S3 bucket events contain:

• eventName - Type of S3 event (e.g., "ObjectCreated:Put", "ObjectRemoved:Delete")
• s3.object.key - Object key (file path) that triggered the event
• s3.object.size - Size of the object in bytes
• s3.bucket.name - Name of the S3 bucket
• s3.bucket.arn - ARN of the S3 bucket

Callback return value:

The handleEvent callback returns Promise.t<array<action>>:

• Actions - Array of follow-up actions to perform (e.g., publish commands, update state)
• Flattened results - All actions from all records are combined into a single array
• Sequential execution - Framework executes actions in order after event processing completes

Key features:

• URL decoding - Handles S3's URL encoding of object keys (spaces, special characters)
• Batch processing - Supports multiple S3 events in a single Lambda invocation
• Error isolation - Failed callbacks don't prevent other records from processing (Promise.all)
• Action composition - Callbacks return actions for follow-up operations

Deploy-time to Runtime Flow

The Task adapter follows the standard deploy-time/runtime pattern:

let make: Reventless.Task_Adapter.bucketMaker<bucketParts> = (~name, ~opts) => {
  // Deploy-time: Create S3 bucket
  let bucket = PulumiAws.S3.Bucket.make(
    ~name,
    ~args={corsRules: [...]->Pulumi.Input.make},
    ~opts,
  )

  {
    resources: [bucket->Util.S3.toResource],
    parts: bucket,
  }
}

let makeHandler = handleEvents => TaskBucket_S3_Runtime.handleBucketEvent(handleEvents, ...)

Flow steps:

1. Create S3 bucket - Pulumi provisions the S3 bucket with CORS configuration
2. Return bucket parts - parts field contains the Pulumi S3 bucket resource
3. Connect Lambda - connect function subscribes Lambda to bucket events and creates IAM policies
4. Bind runtime handler - makeHandler creates runtime function that processes S3 events
5. Lambda execution - Runtime function executes in Lambda when S3 objects are created/deleted

Adapter return value:

{
  resources: [bucket->Util.S3.toResource],  // For dependency tracking
  parts: bucket,                             // Pulumi S3 bucket resource
}

Unlike other adapters that return operations or publishJson, the Task adapter:

• Returns parts containing the S3 bucket resource
• Uses connect function to wire Lambda subscriptions and IAM policies
• Uses makeHandler to create runtime event processing function

When to Use Task Buckets

Use Task S3 buckets for:

• File-based workflows - Process uploaded files (images, documents, data files)
• Batch processing - Trigger processing when new batch files arrive
• ETL pipelines - Extract data from uploaded files, transform, and load into databases
• Document processing - OCR, format conversion, content extraction
• Media processing - Thumbnail generation, video transcoding, image optimization
• Data ingestion - Import CSV/JSON files into read models or aggregates
• Temporary storage - Store intermediate processing results with lifecycle policies

Common patterns:

• Upload → Process → Command - File upload triggers Lambda, which processes file and publishes commands
• Upload → Transform → Store - File upload triggers transformation (resize image, transcode video) and stores result
• Upload → Extract → Update - File upload triggers data extraction and read model updates
• Cleanup on delete - Object deletion triggers cleanup operations (delete related data, update counters)

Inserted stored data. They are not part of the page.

theorem theorem1:
  fixes M K \<alpha> :: nat and \<eta> \<epsilon> :: real and x :: "nat \<Rightarrow> real"
  assumes "M \<ge> 2"
    and "0 < \<eta>" "\<eta> < 1" "\<eta> \<noteq> 1/2"
    and "0 < \<epsilon>" "\<epsilon> < 1"
    and "real \<alpha> / (real (M + K) - 1) \<ge> 8 * \<eta> * (1 - \<eta>) / (1 - 2 * \<eta>)\<^sup>2 * ln (2 ^ M / \<epsilon>)"
    and "x \<in> sign_vectors M"
  shows "decoding_error_event M x \<in> sets (noise_measure M (sqrt (noise_var M K \<alpha> \<eta>)))
    \<and> measure (noise_measure M (sqrt (noise_var M K \<alpha> \<eta>))) (decoding_error_event M x) \<le> \<epsilon>"
proof -
  define \<sigma> where "\<sigma> = sqrt (noise_var M K \<alpha> \<eta>)"
  have "\<epsilon> < 2 ^ M"
    using assms(6) one_le_power[of "2::real" M] by linarith
  then have "0 < ln (2 ^ M / \<epsilon>)"
    using assms(5) by simp
  moreover have ln_le: "ln (2 ^ M / \<epsilon>) \<le> 1 / (2 * noise_var M K \<alpha> \<eta>)"
    using assms(2-4,7) by (rule coverage_condition_le_inverse_noise_var)
  ultimately have "0 < 1 / (2 * noise_var M K \<alpha> \<eta>)"
    by linarith
  then have "0 < noise_var M K \<alpha> \<eta>"
    by simp
  then have "0 < \<sigma>" and \<sigma>_sq: "\<sigma>\<^sup>2 = noise_var M K \<alpha> \<eta>"
    unfolding \<sigma>_def by simp_all
  have "exp (- 1 / (2 * \<sigma>\<^sup>2)) \<le> exp (- ln (2 ^ M / \<epsilon>))"
    using ln_le unfolding \<sigma>_sq by simp
  also have "\<dots> = \<epsilon> / 2 ^ M"
    using assms(5) by (simp add: exp_minus)
  finally have "(2 ^ M - 1) * exp (- 1 / (2 * \<sigma>\<^sup>2)) \<le> (2 ^ M - 1) * (\<epsilon> / 2 ^ M)"
    by (rule mult_left_mono) simp
  also have "\<dots> \<le> \<epsilon>"
    using assms(5) by (simp add: field_simps)
  finally show ?thesis
    using measure_decoding_error_event_le[OF \<open>0 < \<sigma>\<close> assms(1,8)] sets_decoding_error_event
    unfolding \<sigma>_def by auto
qed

Integration with Commands:

Task processors often publish commands after processing files:

1. User uploads file to S3 bucket
2. S3 triggers Lambda with object created event
3. Lambda reads and processes file
4. Lambda publishes commands to CommandTopics (enabled by SQS send permissions)
5. Commands are processed by Aggregates as usual

This pattern enables event-driven architectures where file uploads initiate business workflows.